● Directions
After locating the line with "using that cycle_fold_successor[OF" in the data that follows, return it and every later line exactly, up to and including the line with "by (auto 0 3)".

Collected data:
╭──
(* Let $p \geq m \geq 1$ and $q \geq s \geq 1$ be integers. Then there is a graph homomorphism from ${\sf M}_p(C_{2q+1})$ to ${\sf M}_m(C_{2s+1})$.
   Context: $C_n$ is the cycle on $n$ vertices. A homomorphism from $G$ to $H$ is a map $f:V(G)\to V(H)$ with $f(u)f(v)\in E(H)$ whenever $uv\in E(G)$. For a graph $G$ with vertex set $V_0=\{\langle 0,j\rangle : 0\le j\le n-1\}$ and edge set $E_0$, and $m>0$, the generalized Mycielskian ${\sf M}_m(G)$ has vertex set $V_0\cup V_1\cup\cdots\cup V_m\cup\{u\}$ where $V_i=\{\langle i,j\rangle: 0\le j\le n-1\}$, and edge set $E_0\cup E_1\cup\cdots\cup E_m\cup\{\langle m,j\rangle u: 0\le j\le n-1\}$, where $E_i=\{\langle i-1,j\rangle\langle i,k\rangle : \langle 0,j\rangle\langle 0,k\rangle\in E_0\}$ for $1\le i\le m$. *)

theory Defs
  imports Main
begin

text \<open>Graphs are given by a vertex set and a symmetric edge relation (ordered pairs).\<close>

definition graph_hom :: "'a set \<Rightarrow> ('a \<times> 'a) set \<Rightarrow> 'b set \<Rightarrow> ('b \<times> 'b) set \<Rightarrow> ('a \<Rightarrow> 'b) \<Rightarrow> bool" where
  "graph_hom VG EG VH EH f \<longleftrightarrow>
     (\<forall>x\<in>VG. f x \<in> VH) \<and> (\<forall>x y. (x, y) \<in> EG \<longrightarrow> (f x, f y) \<in> EH)"

definition cycle_edges :: "nat \<Rightarrow> (nat \<times> nat) set" where
  "cycle_edges n = {(j, k). j < n \<and> k < n \<and> (k = (j + 1) mod n \<or> j = (k + 1) mod n)}"

text \<open>Vertices of the generalized Mycielskian: Lv i j stands for <i,j>, Apex for u.\<close>
datatype myc_vertex = Lv nat nat | Apex

definition myc_verts :: "nat \<Rightarrow> nat \<Rightarrow> myc_vertex set" where
  "myc_verts m n = {Lv i j | i j. i \<le> m \<and> j < n} \<union> {Apex}"

definition myc_edges :: "nat \<Rightarrow> nat \<Rightarrow> (nat \<times> nat) set \<Rightarrow> (myc_vertex \<times> myc_vertex) set" where
  "myc_edges m n E =
     {(Lv 0 j, Lv 0 k) | j k. (j, k) \<in> E}
   \<union> {(Lv (i - 1) j, Lv i k) | i j k. 1 \<le> i \<and> i \<le> m \<and> (j, k) \<in> E}
   \<union> {(Lv i k, Lv (i - 1) j) | i j k. 1 \<le> i \<and> i \<le> m \<and> (j, k) \<in> E}
   \<union> {(Lv m j, Apex) | j. j < n}
   \<union> {(Apex, Lv m j) | j. j < n}"

end

theory Submission
  imports Defs
begin

text \<open>The homomorphism is a composite of two simple maps. Collapsing the levels
  \<open>0, \<dots>, p - m\<close> of \<open>M\<^sub>p(G)\<close> onto level \<open>0\<close> and shifting the remaining levels down
  gives \<open>M\<^sub>p(G) \<rightarrow> M\<^sub>m(G)\<close>, because edges inside the collapsed block become edges of
  \<open>G\<close> on level \<open>0\<close>. A homomorphism \<open>G \<rightarrow> H\<close> applied in every level gives
  \<open>M\<^sub>m(G) \<rightarrow> M\<^sub>m(H)\<close>, and \<open>C\<^sub>2\<^sub>q\<^sub>+\<^sub>1 \<rightarrow> C\<^sub>2\<^sub>s\<^sub>+\<^sub>1\<close> for \<open>s \<le> q\<close> by walking
  around the short cycle once and then oscillating on its last edge.\<close>

lemma graph_hom_comp:
  assumes "graph_hom VG EG VH EH f" and "graph_hom VH EH VK EK g"
  shows "graph_hom VG EG VK EK (g \<circ> f)"
  using assms by (simp add: graph_hom_def)

lemma sym_cycle_edges: "sym (cycle_edges n)"
  by (auto simp: sym_def cycle_edges_def)

definition cycle_fold :: "nat \<Rightarrow> nat \<Rightarrow> nat" where
  "cycle_fold s j = (if j \<le> 2*s then j else if even (j - 2*s) then 2*s else 2*s - 1)"

lemma cycle_fold_lt: "cycle_fold s j < 2*s + 1"
  by (simp add: cycle_fold_def; linarith)

lemma cycle_fold_successor:
  assumes "1 \<le> s" "s \<le> q" "j < 2*q + 1"
  shows "(cycle_fold s j, cycle_fold s ((j + 1) mod (2*q + 1))) \<in> cycle_edges (2*s + 1)"
proof (cases "j = 2*q")
  case True
  with assms show ?thesis by (auto simp: cycle_fold_def cycle_edges_def)
next
  case False
  then have succ: "(j + 1) mod (2*q + 1) = j + 1" using assms by simp
  show ?thesis
  proof (cases "j < 2*s")
    case True
    with succ assms show ?thesis by (auto simp: cycle_fold_def cycle_edges_def)
  next
    case False
    then have "even (j - 2*s) \<longleftrightarrow> odd (j + 1 - 2*s)" by (simp add: Suc_diff_le)
    with succ assms False show ?thesis by (auto simp: cycle_fold_def cycle_edges_def)
  qed
qed

lemma graph_hom_cycle_fold:
  assumes "1 \<le> s" "s \<le> q"
  shows "graph_hom {..<2*q + 1} (cycle_edges (2*q + 1))
           {..<2*s + 1} (cycle_edges (2*s + 1)) (cycle_fold s)"
proof -
  have "(cycle_fold s j, cycle_fold s k) \<in> cycle_edges (2*s + 1)"
    if "(j, k) \<in> cycle_edges (2*q + 1)" for j k
    using that cycle_fold_successor[OF assms, of j] cycle_fold_successor[OF assms, of k]
      sym_cycle_edges[of "2*s + 1"]
    by (auto simp: cycle_edges_def sym_def)
  then show ?thesis using cycle_fold_lt[of s] by (simp add: graph_hom_def)
qed

definition myc_map :: "(nat \<Rightarrow> nat) \<Rightarrow> myc_vertex \<Rightarrow> myc_vertex" where
  "myc_map g v = (case v of Lv i j \<Rightarrow> Lv i (g j) | Apex \<Rightarrow> Apex)"

lemma graph_hom_myc_map:
  assumes "graph_hom {..<n} E {..<n'} E' g"
  shows "graph_hom (myc_verts m n) (myc_edges m n E) (myc_verts m n') (myc_edges m n' E') (myc_map g)"
  using assms unfolding graph_hom_def myc_verts_def myc_edges_def myc_map_def
  by (auto 0 3)

text \<open>Truncated subtraction sends all levels \<open>i \<le> p - m\<close> to level \<open>0\<close>.\<close>
definition myc_collapse :: "nat \<Rightarrow> nat \<Rightarrow> myc_vertex \<Rightarrow> myc_vertex" where
  "myc_collapse p m v = (case v of Lv i j \<Rightarrow> Lv (i - (p - m)) j | Apex \<Rightarrow> Apex)"

lemma myc_collapse_cross_edge:
  assumes "m \<le> p" "sym E" "1 \<le> i" "i \<le> p" "(j, k) \<in> E"
  shows "(Lv (i - 1 - (p - m)) j, Lv (i - (p - m)) k) \<in> myc_edges m n E
       \<and> (Lv (i - (p - m)) k, Lv (i - 1 - (p - m)) j) \<in> myc_edges m n E"
proof (cases "i \<le> p - m")
  case True
  moreover have "(k, j) \<in> E" using assms(2,5) by (simp add: sym_def)
  ultimately show ?thesis using assms(5) unfolding myc_edges_def by auto
next
  case False
  then have "i - 1 - (p - m) = i - (p - m) - 1" "1 \<le> i - (p - m)" "i - (p - m) \<le> m"
    using assms by auto
  then show ?thesis using assms(5) unfolding myc_edges_def by blast
qed

lemma graph_hom_myc_collapse:
  assumes "m \<le> p" "sym E"
  shows "graph_hom (myc_verts p n) (myc_edges p n E) (myc_verts m n) (myc_edges m n E)
           (myc_collapse p m)"
proof -
  have "(myc_collapse p m x, myc_collapse p m y) \<in> myc_edges m n E"
    if "(x, y) \<in> myc_edges p n E" for x y
    using that myc_collapse_cross_edge[OF assms] assms(1)
    unfolding myc_edges_def[of p] myc_collapse_def
    by (elim UnE CollectE exE conjE) (auto simp: myc_edges_def)
  then show ?thesis
    by (auto simp: graph_hom_def myc_verts_def myc_collapse_def)
qed

theorem lemma11:
  fixes p m q s :: nat
  assumes "1 \<le> m" and "m \<le> p" and "1 \<le> s" and "s \<le> q"
  shows "\<exists>f. graph_hom
            (myc_verts p (2 * q + 1)) (myc_edges p (2 * q + 1) (cycle_edges (2 * q + 1)))
            (myc_verts m (2 * s + 1)) (myc_edges m (2 * s + 1) (cycle_edges (2 * s + 1))) f"
proof -
  have "graph_hom (myc_verts p (2*q + 1)) (myc_edges p (2*q + 1) (cycle_edges (2*q + 1)))
          (myc_verts m (2*q + 1)) (myc_edges m (2*q + 1) (cycle_edges (2*q + 1)))
          (myc_collapse p m)"
    using assms(2) sym_cycle_edges by (rule graph_hom_myc_collapse)
  moreover have "graph_hom (myc_verts m (2*q + 1)) (myc_edges m (2*q + 1) (cycle_edges (2*q + 1)))
          (myc_verts m (2*s + 1)) (myc_edges m (2*s + 1) (cycle_edges (2*s + 1)))
          (myc_map (cycle_fold s))"
    using assms(3,4) by (intro graph_hom_myc_map graph_hom_cycle_fold)
  ultimately show ?thesis by (blast intro: graph_hom_comp)
qed

end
╰──
● Response area
    using that cycle_fold_successor[OF assms, of j] cycle_fold_successor[OF assms, of k]
      sym_cycle_edges[of "2*s + 1"]
    by (auto simp: cycle_edges_def sym_def)
  then show ?thesis using cycle_fold_lt[of s] by (simp add: graph_hom_def)
qed

definition myc_map :: "(nat \<Rightarrow> nat) \<Rightarrow> myc_vertex \<Rightarrow> myc_vertex" where
  "myc_map g v = (case v of Lv i j \<Rightarrow> Lv i (g j) | Apex \<Rightarrow> Apex)"

lemma graph_hom_myc_map:
  assumes "graph_hom {..<n} E {..<n'} E' g"
  shows "graph_hom (myc_verts m n) (myc_edges m n E) (myc_verts m n') (myc_edges m n' E') (myc_map g)"
  using assms unfolding graph_hom_def myc_verts_def myc_edges_def myc_map_def
  by (auto 0 3)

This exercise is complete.